Impact

I often wonder what kind of impact I have on people. I don’t mean the initial impact I make. Most people think I’m stuck up before they really know me…the real answer is that I’m just introverted. Rather, I’m talking more along the lines of the impact you can make on someone’s life over a longer period of time.

Rose saw my old sales job boss at the restaurant a few days ago. He almost forgot my name and couldn’t remember hers. I spent endless hours with him for over four months, 5 days of the week. He was the one who was going to “shape” me into a great salesman and we spent a lot of car rides talking about God and the church both of us went to…yet the impact I guess I made on his life was nothing, or so it feels.

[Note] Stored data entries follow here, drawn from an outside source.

text \<open>Psi = G_2([n]) x H_2([n],[2^5 b^2]) x H_k([2^5 b^2],[b]), each family with its own
 field GF(2^d_i) given by an irreducible polynomial P_i of degree d_i.\<close>
definition Psi :: "real \<Rightarrow> nat \<Rightarrow> bit poly \<Rightarrow> nat \<Rightarrow> bit poly \<Rightarrow> nat \<Rightarrow> bit poly \<Rightarrow> nat
     \<Rightarrow> ((nat \<Rightarrow> nat) \<times> (nat \<Rightarrow> nat) \<times> (nat \<Rightarrow> nat)) pmf" where
  "Psi \<epsilon> n P1 d1 P2 d2 P3 d3 =
     pair_pmf (G_fam P1 d1 2 n)
       (pair_pmf (H_fam P2 d2 2 n (5 + 2 * lb \<epsilon>))
                 (H_fam P3 d3 (kpar \<epsilon>) (2 ^ 5 * bpar \<epsilon> ^ 2) (lb \<epsilon>)))"

end

theory Submission
  imports Defs "HOL-Computational_Algebra.Field_as_Ring" "HOL-Library.Discrete_Functions"
begin

text \<open>Only the first component f of \<open>\<psi>\<close> enters \<open>E\<^sub>1\<close>. Let \<open>k = \<lfloor>log\<^sub>2 |A|\<rfloor>\<close>. The event \<open>E\<^sub>1\<close> holds as soon as
  \<open>max\<^sub>a\<^sub>\<in>\<^sub>A f(a)\<close> lies within 7 of k. For \<open>f(x) = tz(a\<^sub>0 + a\<^sub>1x)\<close> and distinct points x, y the map
  \<open>(a\<^sub>0, a\<^sub>1) \<mapsto> (a\<^sub>0 + a\<^sub>1x, a\<^sub>0 + a\<^sub>1y)\<close> is a bijection of \<open>GF(2\<^sup>d)\<^sup>2\<close>, so the events \<open>f(x) \<ge> s\<close> have
  probability \<open>2\<^sup>-\<^sup>s\<close> and are pairwise independent. A union bound shows that some \<open>f(a) \<ge> k + 8\<close>
  with probability at most \<open>|A| 2\<^sup>-\<^sup>k\<^sup>-\<^sup>8 < 2\<^sup>-\<^sup>7\<close>; the second moment method shows that no
  \<open>f(a) \<ge> k - 7\<close> with probability at most \<open>2\<^sup>k\<^sup>-\<^sup>7 / |A| \<le> 2\<^sup>-\<^sup>7\<close>.\<close>

text \<open>These instances make \<open>bit poly\<close> a factorial ring, so irreducible polynomials are prime.\<close>

instantiation bit ::
  "{unique_euclidean_ring, normalization_euclidean_semiring, normalization_semidom_multiplicative}"
begin
definition [simp]: "normalize_bit = (normalize_field :: bit \<Rightarrow> _)"
definition [simp]: "unit_factor_bit = (unit_factor_field :: bit \<Rightarrow> _)"
definition [simp]: "euclidean_size_bit = (euclidean_size_field :: bit \<Rightarrow> _)"
definition [simp]: "division_segment (x :: bit) = 1"
instance
  by standard
    (simp_all add: dvd_field_iff field_split_simps modulo_bit_unfold split: if_splits)
end

instantiation bit :: euclidean_ring_gcd
begin
definition gcd_bit :: "bit \<Rightarrow> bit \<Rightarrow> bit" where
  "gcd_bit = Euclidean_Algorithm.gcd"
definition lcm_bit :: "bit \<Rightarrow> bit \<Rightarrow> bit" where
  "lcm_bit = Euclidean_Algorithm.lcm"
definition Gcd_bit :: "bit set \<Rightarrow> bit" where
  "Gcd_bit = Euclidean_Algorithm.Gcd"
definition Lcm_bit :: "bit set \<Rightarrow> bit" where
  "Lcm_bit = Euclidean_Algorithm.Lcm"
instance by standard (simp_all add: gcd_bit_def lcm_bit_def Gcd_bit_def Lcm_bit_def)
end

instance bit :: field_gcd ..

lemma coeff_poly_of_nat: "coeff (poly_of_nat y) i = of_bool (bit y i)"
proof -
  have "coeff (poly_of_nat y) i = (if i < y then of_bool (bit y i) else 0)"
    unfolding poly_of_nat_def by (simp add: coeff_sum coeff_monom sum.delta)
  moreover have "\<not> bit y i" if "\<not> i < y"
  proof -
    have "y < 2 ^ i" using that by (meson less_exp not_less order_le_less_trans)
    then show ?thesis by (simp add: bit_nat_def)
  qed
  ultimately show ?thesis by auto
qed

lemma bit_sum_power2_iff: "finite I \<Longrightarrow> bit (\<Sum>i\<in>I. (2::nat) ^ i) j \<longleftrightarrow> j \<in> I"
proof (induction I arbitrary: j rule: finite_induct)
  case (insert x I)
  have "\<not> bit ((2::nat) ^ x) m \<or> \<not> bit (\<Sum>i\<in>I. (2::nat) ^ i) m" for m
    using insert.IH[of m] insert.hyps(2) by (simp add: bit_exp_iff)
  then have "bit (2 ^ x + (\<Sum>i\<in>I. (2::nat) ^ i)) j
      \<longleftrightarrow> bit ((2::nat) ^ x) j \<or> bit (\<Sum>i\<in>I. (2::nat) ^ i) j"
    by (rule bit_disjunctive_add_iff)
  then show ?case using insert.hyps insert.IH[of j] by (simp add: bit_exp_iff)
qed simp

lemma bit_nat_of_poly: "bit (nat_of_poly q) j \<longleftrightarrow> coeff q j = 1"
proof -
  have "nat_of_poly q = (\<Sum>i\<in>{i \<in> {..degree q}. coeff q i = 1}. 2 ^ i)"
    unfolding nat_of_poly_def by (simp only: sum.inter_filter[OF finite_atMost])
  then have "bit (nat_of_poly q) j \<longleftrightarrow> j \<le> degree q \<and> coeff q j = 1"
    by (simp add: bit_sum_power2_iff)
  then show ?thesis using le_degree[of q j] by auto
qed

lemma poly_of_nat_of_poly [simp]: "poly_of_nat (nat_of_poly q) = q"
proof (rule poly_eqI)
  fix i show "coeff (poly_of_nat (nat_of_poly q)) i = coeff q i"
    by (cases "coeff q i") (auto simp: coeff_poly_of_nat bit_nat_of_poly)
qed

lemma nat_of_poly_of_nat [simp]: "nat_of_poly (poly_of_nat y) = y"
  by (rule bit_eqI) (simp add: bit_nat_of_poly coeff_poly_of_nat)

lemma nat_of_poly_eq_iff: "nat_of_poly p = nat_of_poly q \<longleftrightarrow> p = q"
  by (metis poly_of_nat_of_poly)

lemma poly_of_nat_eq_iff: "poly_of_nat x = poly_of_nat y \<longleftrightarrow> x = y"
  by (metis nat_of_poly_of_nat)

lemma degree_poly_of_nat_less:
  assumes "y < 2 ^ d" "d \<ge> 1"
  shows "degree (poly_of_nat y) < d"
proof -
  have "coeff (poly_of_nat y) i = 0" if "i \<ge> d" for i
  proof -
    have "y < 2 ^ i" using assms that by (meson order_less_le_trans power_increasing one_le_numeral)
    then show ?thesis by (simp add: coeff_poly_of_nat bit_nat_def)
  qed
  then have "degree (poly_of_nat y) \<le> d - 1" by (intro degree_le) auto
  then show ?thesis using assms by linarith
qed

lemma nat_of_poly_less:
  assumes "degree q < d"
  shows "nat_of_poly q < 2 ^ d"
proof -
  have "take_bit d (nat_of_poly q) = nat_of_poly q"
  proof (rule bit_eqI)
    fix i
    have "coeff q i = 1 \<Longrightarrow> i < d" using assms le_degree[of q i] by fastforce
    then show "bit (take_bit d (nat_of_poly q)) i = bit (nat_of_poly q) i"
      by (auto simp: bit_take_bit_iff bit_nat_of_poly)
  qed
  then show ?thesis by (metis take_bit_nat_less_exp)
qed

definition gf_affine :: "bit poly \<Rightarrow> nat \<Rightarrow> nat \<times> nat \<Rightarrow> nat" where
  "gf_affine P x p = nat_of_poly ((poly_of_nat (fst p) + poly_of_nat (snd p) * poly_of_nat x) mod P)"

lemma gf_eval_length_2: "gf_eval P [a\<^sub>0, a\<^sub>1] x = gf_affine P x (a\<^sub>0, a\<^sub>1)"
  unfolding gf_eval_def gf_affine_def by (simp add: numeral_2_eq_2)

abbreviation gf_pairs :: "nat \<Rightarrow> (nat \<times> nat) set" where
  "gf_pairs d \<equiv> {..<2 ^ d} \<times> {..<2 ^ d}"

lemma card_gf_pairs: "card (gf_pairs d) = 2 ^ d * 2 ^ d"
  by (simp add: card_cartesian_product)

lemma card_multiples_power2_below:
  assumes "t \<le> d"
  shows "card {u \<in> {..<(2::nat) ^ d}. 2 ^ t dvd u} = 2 ^ (d - t)"
proof -
  have split: "(2::nat) ^ d = 2 ^ t * 2 ^ (d - t)" using assms by (simp add: power_add[symmetric])
  have "{u \<in> {..<(2::nat) ^ d}. 2 ^ t dvd u} = (\<lambda>z. 2 ^ t * z) ` {..<2 ^ (d - t)}"
  proof
    show "{u \<in> {..<(2::nat) ^ d}. 2 ^ t dvd u} \<subseteq> (\<lambda>z. 2 ^ t * z) ` {..<2 ^ (d - t)}"
      using split by (auto elim!: dvdE)
  qed (use split in auto)
  moreover have "inj_on (\<lambda>z. (2::nat) ^ t * z) {..<2 ^ (d - t)}" by (auto intro: inj_onI)
  ultimately show ?thesis by (simp add: card_image)
qed

lemma bij_betw_if_inj_on_self:
  assumes "finite S" "inj_on \<phi> S" "\<phi> ` S \<subseteq> S"
  shows "bij_betw \<phi> S S"
  unfolding bij_betw_def using endo_inj_surj[OF assms(1,3,2)] assms(2) by blast

lemma card_Collect_bij_betw:
  assumes "bij_betw \<phi> S T"
  shows "card {p \<in> S. Q (\<phi> p)} = card {q \<in> T. Q q}"
  by (rule bij_betw_same_card, rule bij_betw_Collect[OF assms]) simp

lemma tz_ge_iff_dvd:
  assumes "t \<le> d"
  shows "t \<le> tz d y \<longleftrightarrow> 2 ^ t dvd y"
  using assms by (cases "y = 0") (simp_all add: tz_def power_dvd_iff_le_multiplicity)

lemma tz_le:
  assumes "y < 2 ^ d"
  shows "tz d y \<le> d"
proof (cases "y = 0")
  case False
  have "2 ^ multiplicity 2 y \<le> y"
    using False multiplicity_dvd[of 2 y] by (simp add: dvd_imp_le)
  then have "(2::nat) ^ multiplicity 2 y < 2 ^ d" using assms by linarith
  then show ?thesis using False by (simp add: tz_def)
qed (simp add: tz_def)

lemma sum_square_deviation:
  fixes X :: "'a \<Rightarrow> real"
  shows "(\<Sum>p\<in>S. (X p - \<mu>)\<^sup>2) = (\<Sum>p\<in>S. (X p)\<^sup>2) - 2 * \<mu> * (\<Sum>p\<in>S. X p) + \<mu>\<^sup>2 * card S"
proof -
  have "(\<Sum>p\<in>S. (X p - \<mu>)\<^sup>2) = (\<Sum>p\<in>S. (X p)\<^sup>2) - (\<Sum>p\<in>S. 2 * \<mu> * X p) + (\<Sum>p\<in>S. \<mu>\<^sup>2)"
    by (simp add: power2_diff sum.distrib sum_subtractf mult.commute mult.left_commute)
  then show ?thesis by (simp add: sum_distrib_left[symmetric])
qed

lemma card_Collect_real_eq_sum: "finite S \<Longrightarrow> real (card {p \<in> S. R p}) = (\<Sum>p\<in>S. of_bool (R p))"
  by (simp add: sum.inter_filter[symmetric] of_bool_def)

text \<open>Second moment method for a family of events \<open>I a\<close> of probability \<open>q\<close> on a uniform space \<open>S\<close>
  with pairwise correlations at most \<open>q\<^sup>2\<close>: the count \<open>X\<close> of events that occur has mean
  \<open>\<mu> = |A|q\<close> and variance at most \<open>\<mu>\<close>, and \<open>X = 0\<close> forces \<open>(X - \<mu>)\<^sup>2 = \<mu>\<^sup>2\<close>.\<close>
lemma card_none_second_moment:
  fixes I :: "'b \<Rightarrow> 'a \<Rightarrow> bool" and q :: real
  assumes "finite S" "finite A" "A \<noteq> {}" "q > 0"
    and single: "\<And>a. a \<in> A \<Longrightarrow> real (card {p \<in> S. I a p}) = q * card S"
    and pair: "\<And>a b. a \<in> A \<Longrightarrow> b \<in> A \<Longrightarrow> a \<noteq> b \<Longrightarrow>
      real (card {p \<in> S. I a p \<and> I b p}) \<le> q\<^sup>2 * card S"
  shows "real (card {p \<in> S. \<forall>a\<in>A. \<not> I a p}) * (card A * q) \<le> card S"
proof -
  define \<mu> where "\<mu> = real (card A) * q"
  define X where "X p = (\<Sum>a\<in>A. of_bool (I a p) :: real)" for p
  have "\<mu> > 0" using assms(2-4) by (simp add: \<mu>_def card_gt_0_iff)
  have sum_X: "(\<Sum>p\<in>S. X p) = \<mu> * card S"
  proof -
    have "(\<Sum>p\<in>S. X p) = (\<Sum>a\<in>A. \<Sum>p\<in>S. of_bool (I a p))" unfolding X_def by (rule sum.swap)
    also have "\<dots> = (\<Sum>a\<in>A. q * card S)"
      using single by (simp add: card_Collect_real_eq_sum[OF \<open>finite S\<close>, symmetric])
    finally show ?thesis by (simp add: \<mu>_def)
  qed
  have joint: "(\<Sum>p\<in>S. of_bool (I a p) * of_bool (I b p)) \<le> q\<^sup>2 * card S + (if a = b then q * card S else 0)"
    if "a \<in> A" "b \<in> A" for a b
  proof -
    have "(\<Sum>p\<in>S. (of_bool (I a p) * of_bool (I b p) :: real)) = real (card {p \<in> S. I a p \<and> I b p})"
      by (simp add: card_Collect_real_eq_sum[OF \<open>finite S\<close>] of_bool_conj)
    then show ?thesis
      using single[OF that(1)] pair[OF that] \<open>q > 0\<close> by (cases "a = b") simp_all
  qed
  have sum_X2: "(\<Sum>p\<in>S. (X p)\<^sup>2) \<le> \<mu>\<^sup>2 * card S + \<mu> * card S"
  proof -
    have "(\<Sum>p\<in>S. (X p)\<^sup>2) = (\<Sum>a\<in>A. \<Sum>b\<in>A. \<Sum>p\<in>S. of_bool (I a p) * of_bool (I b p))"
      unfolding X_def by (simp add: power2_eq_square sum_product sum.swap[of _ S])
    also have "\<dots> \<le> (\<Sum>a\<in>A. \<Sum>b\<in>A. q\<^sup>2 * card S + (if a = b then q * card S else 0))"
      by (intro sum_mono joint)
    also have "\<dots> = real (card A) * real (card A) * (q\<^sup>2 * card S) + real (card A) * (q * card S)"
      using \<open>finite A\<close> by (simp add: sum.distrib sum.delta algebra_simps)
    finally show ?thesis by (simp add: \<mu>_def power2_eq_square algebra_simps)
  qed
  define Z where "Z = {p \<in> S. \<forall>a\<in>A. \<not> I a p}"
  have "real (card Z) * \<mu>\<^sup>2 = (\<Sum>p\<in>Z. (X p - \<mu>)\<^sup>2)"
    by (simp add: Z_def X_def)
  also have "\<dots> \<le> (\<Sum>p\<in>S. (X p - \<mu>)\<^sup>2)"
    by (rule sum_mono2[OF \<open>finite S\<close>]) (auto simp: Z_def)
  also have "\<dots> = (\<Sum>p\<in>S. (X p)\<^sup>2) - 2 * \<mu> * (\<Sum>p\<in>S. X p) + \<mu>\<^sup>2 * card S"
    by (rule sum_square_deviation)
  also have "\<dots> \<le> \<mu> * card S"
    using sum_X sum_X2 by (simp add: power2_eq_square algebra_simps)
  finally have "real (card Z) * \<mu> * \<mu> \<le> card S * \<mu>" by (simp add: power2_eq_square algebra_simps)
  then have "real (card Z) * \<mu> \<le> card S" using \<open>\<mu> > 0\<close> by simp
  then show ?thesis by (simp add: Z_def \<mu>_def)
qed

locale gf2_field =
  fixes P :: "bit poly" and d :: nat
  assumes irreducible_P: "irreducible P" and degree_P: "degree P = d"
begin

lemma d_ge_1: "d \<ge> 1"
  using irreducible_P is_unit_iff_degree[of P] degree_P by (auto simp: irreducible_def)

lemma P_nonzero: "P \<noteq> 0"
  using irreducible_P by auto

In high school I made some great friendships. Some of those friendships still exist today, and a couple of those friends are bloggers and readers of this blog too. I am so encouraged to see the path God has them on. The same would not be said for some of my other friends. I guess they are friends because I make the effort all the time. I’ve often wondered, is it a true friendship if only one person makes the effort all the time, or at least it feels like all the time.

In college I didn’t make as many close friendships, but the ones that were close felt like the same thing. Me always making the effort, little connection after college.

The truest friend I have had through it all, is an email and a country away. He is missed quite often.

I just read everything I wrote, kind of depressing, I know. Sorry.

One question…is it possible to determine the impact you make on someone’s life?